For this sauce, I used black olives, and mixed it with the parsley pesto I made a few weeks ago along with a few other ingredients. The result was a tart and salty sauce that was wonderful with the tuna. I served it with some freshly steamed green beans. Because the sauce was so flavoursome, I did not season the tuna or beans. I let the sauce provide the seasoning for both.

Hubby thought that the tuna could have been served with something else rather than beans (he's not a huge fan of beans). You could serve this with a puree of cannellini beans or even a very creamy mashed potato.

What you'll need


* Serves four as a main course

4 tuna steaks, approximately 100g each. I used frozen tuna steaks, or you could you salmon steaks
1 tbs vegetable oil
200g fresh green beans, topped and tailed

For the sauce

100g pitted Kalamata olives, roughly chopped
2 tbs parsley pesto
1 tbs red wine vinegar
2 anchovies, finely chopped

What to do

Cook the beans, either steam or boil them until just tender. Refresh under cold water and drain, ready to serve.

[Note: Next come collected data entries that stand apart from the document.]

lemma eigenfunction_derivative_bounded:
  fixes u u' :: "real \<Rightarrow> real"
  assumes "\<And>x. x \<in> {-m/2<..<m/2} \<Longrightarrow> \<bar>u x\<bar> \<le> M"
    and "\<And>x. x \<in> {-m/2<..<m/2} - {0} \<Longrightarrow>
           (u' has_real_derivative \<tau> * sgn x * u' x - l * u x) (at x)"
  obtains B where "\<And>x. x \<in> {-m/2<..<m/2} - {0} \<Longrightarrow> \<bar>u' x\<bar> \<le> B"
proof -
  \<comment> \<open>\<open>exp (- \<tau> * \<bar>x\<bar>)\<close> is an integrating factor: the drift term cancels in \<open>g'\<close>.\<close>
  define g where "g x = exp (- \<tau> * \<bar>x\<bar>) * u' x" for x
  have dg: "(g has_real_derivative - l * exp (- \<tau> * \<bar>x\<bar>) * u x) (at x)"
    if "x \<in> {-m/2<..<m/2} - {0}" for x
  proof -
    have "(g has_real_derivative - \<tau> * sgn x * exp (- \<tau> * \<bar>x\<bar>) * u' x
            + (\<tau> * sgn x * u' x - l * u x) * exp (- \<tau> * \<bar>x\<bar>)) (at x)"
      unfolding g_def using that
      by (intro DERIV_mult[OF has_real_derivative_exp_mult_abs assms(2)]) auto
    then show ?thesis by (simp add: algebra_simps)
  qed
  have bounded_half: "bounded (g ` S)" if S: "S \<subseteq> {-m/2<..<m/2} - {0}" "convex S" "bounded S" for S
  proof (rule bounded_image_if_derivative_bounded[OF S(2,3)])
    fix z assume "z \<in> S"
    then have z: "z \<in> {-m/2<..<m/2} - {0}" using S(1) by blast
    show "(g has_field_derivative - l * exp (- \<tau> * \<bar>z\<bar>) * u z) (at z)"
      by (rule dg[OF z])
    have "\<bar>l * exp (- \<tau> * \<bar>z\<bar>) * u z\<bar> \<le> \<bar>l\<bar> * exp (\<bar>\<tau>\<bar> * (m/2)) * M"
      unfolding abs_mult using z assms(1)[of z] exp_mult_abs_le[of z "m/2" "- \<tau>"]
      by (intro mult_mono) auto
    then show "norm (- l * exp (- \<tau> * \<bar>z\<bar>) * u z) \<le> \<bar>l\<bar> * exp (\<bar>\<tau>\<bar> * (m/2)) * M"
      by simp
  qed
  have "bounded (g ` ({-m/2<..<0} \<union> {0<..<m/2}))"
    unfolding image_Un bounded_Un by (intro conjI bounded_half) auto
  then obtain G where G: "\<And>x. x \<in> {-m/2<..<0} \<union> {0<..<m/2} \<Longrightarrow> \<bar>g x\<bar> \<le> G"
    unfolding bounded_iff by (metis image_eqI real_norm_def)
  show ?thesis
  proof (rule that)
    fix x assume x: "x \<in> {-m/2<..<m/2} - {0}"
    then have "\<bar>g x\<bar> \<le> G" using G[of x] by (cases "x < 0") auto
    have "u' x = g x * exp (\<tau> * \<bar>x\<bar>)"
      by (simp add: g_def exp_minus field_simps)
    also have "\<bar>\<dots>\<bar> \<le> G * exp (\<bar>\<tau>\<bar> * (m/2))"
      unfolding abs_mult using x \<open>\<bar>g x\<bar> \<le> G\<close> exp_mult_abs_le[of x "m/2" \<tau>]
      by (intro mult_mono) auto
    finally show "\<bar>u' x\<bar> \<le> G * exp (\<bar>\<tau>\<bar> * (m/2))" .
  qed
qed

lemma principal_eigenpair_regularity:
  assumes "m > 0" and "is_principal_eigenpair m \<tau> l u"
  obtains u' B where "continuous_on {-m/2..m/2} u" "u (-m/2) = 0" "u (m/2) = 0"
    "\<And>x. x \<in> {-m/2<..<m/2} \<Longrightarrow> u x > 0"
    "\<And>x. x \<in> {-m/2<..<m/2} \<Longrightarrow> (u has_real_derivative u' x) (at x)"
    "\<And>x. x \<in> {-m/2<..<m/2} - {0} \<Longrightarrow>
       (u' has_real_derivative \<tau> * sgn x * u' x - l * u x) (at x)"
    "\<And>x. x \<in> {-m/2<..<m/2} - {0} \<Longrightarrow> \<bar>u' x\<bar> \<le> B"
    "isCont u' 0"
proof -
  obtain u' where u: "continuous_on {-m/2..m/2} u" "u (-m/2) = 0" "u (m/2) = 0"
    "\<And>x. x \<in> {-m/2<..<m/2} \<Longrightarrow> u x > 0"
    "\<And>x. x \<in> {-m/2<..<m/2} \<Longrightarrow> (u has_real_derivative u' x) (at x)"
    and du': "\<And>x. x \<in> {-m/2<..<m/2} - {0} \<Longrightarrow>
       (u' has_real_derivative \<tau> * sgn x * u' x - l * u x) (at x)"
    using principal_eigenpairE[OF assms(2)] by blast
  obtain M where M: "\<And>x. x \<in> {-m/2..m/2} \<Longrightarrow> \<bar>u x\<bar> \<le> M"
    using compact_imp_bounded[OF compact_continuous_image[OF u(1) compact_Icc]]
    unfolding bounded_iff by (metis image_eqI real_norm_def)
  obtain B where B: "\<And>x. x \<in> {-m/2<..<m/2} - {0} \<Longrightarrow> \<bar>u' x\<bar> \<le> B"
    by (rule eigenfunction_derivative_bounded[of m u M u' \<tau> l]) (use M du' in auto)
  have "isCont u' 0"
  proof (rule isCont_derivative_if_second_derivative_bounded[OF _ _ u(5) du'])
    show "0 \<in> {-m/2<..<m/2}" using assms(1) by simp
    fix x assume x: "x \<in> {-m/2<..<m/2} - {0}"
    have "\<bar>\<tau> * sgn x * u' x\<bar> \<le> \<bar>\<tau>\<bar> * B"
      using B[OF x] x by (simp add: abs_mult abs_sgn_eq_1 mult_left_mono)
    moreover have "\<bar>l * u x\<bar> \<le> \<bar>l\<bar> * M"
      using M[of x] x by (simp add: abs_mult mult_left_mono)
    ultimately show "\<bar>\<tau> * sgn x * u' x - l * u x\<bar> \<le> \<bar>\<tau>\<bar> * B + \<bar>l\<bar> * M"
      by linarith
  qed simp
  with u du' B show ?thesis
    using that by blast
qed

section \<open>Uniqueness of the principal eigenvalue\<close>

lemma DERIV_pos_imp_increasing_off_point:
  fixes W :: "real \<Rightarrow> real"
  assumes "s < t" and "continuous_on {s..t} W"
    and "\<And>x. s < x \<Longrightarrow> x < t \<Longrightarrow> x \<noteq> c \<Longrightarrow> \<exists>y. (W has_real_derivative y) (at x) \<and> y > 0"
  shows "W s < W t"
proof (cases "s < c \<and> c < t")
  case True
  have "W s < W c"
  proof (rule DERIV_pos_imp_increasing_open[of s c W])
    show "continuous_on {s..c} W"
      using True by (intro continuous_on_subset[OF assms(2)]) auto
  qed (use True assms(3) in auto)
  also have "W c < W t"
  proof (rule DERIV_pos_imp_increasing_open[of c t W])
    show "continuous_on {c..t} W"
      using True by (intro continuous_on_subset[OF assms(2)]) auto
  qed (use True assms(3) in auto)
  finally show ?thesis .
next
  case False
  show ?thesis
  proof (rule DERIV_pos_imp_increasing_open[OF assms(1) _ assms(2)])
    fix x assume "s < x" "x < t"
    with False have "x \<noteq> c" by auto
    with \<open>s < x\<close> \<open>x < t\<close> show "\<exists>y. (W has_real_derivative y) (at x) \<and> y > 0"
      by (rule assms(3))
  qed
qed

Make the sauce. In a frying pan on medium heat, add the olives, then the parsley pesto, vinegar and anchovies. Stir well until mixed together, then remove from heat and set aside.

The sauce should be thick and not too runny. But if you'd like to make it more liquid, add a little bit of warm water to the pan and stir well.

Heat another frying pan on high heat. Add the oil, then the tuna.Cook for approximately two minutes on either side. This will give you a medium-rare tuna steak.

Place the beans on a plate, place the tuna on top, then spoon approximately 1 tbs of sauce onto the tuna and serve immediately.

* If you don't have any parsley pesto on hand, you can still make the sauce, using the following recipe.

What you'll need

2 garlic cloves, crushed
1 cup loosely packed Italian parsley, finely diced or whizzed in a food processor
Juice of 1 lemon
2 tbs red wine vinegar
2 tbs olive oil
Salt and pepper
2 anchovy fillets
100g pitted Kalamata olives

What to do

Whizz all ingredients in a food processor or with a hand blender, then heat over medium heat in a pan for a few minutes to warm through. Serve immediately on top of the fish.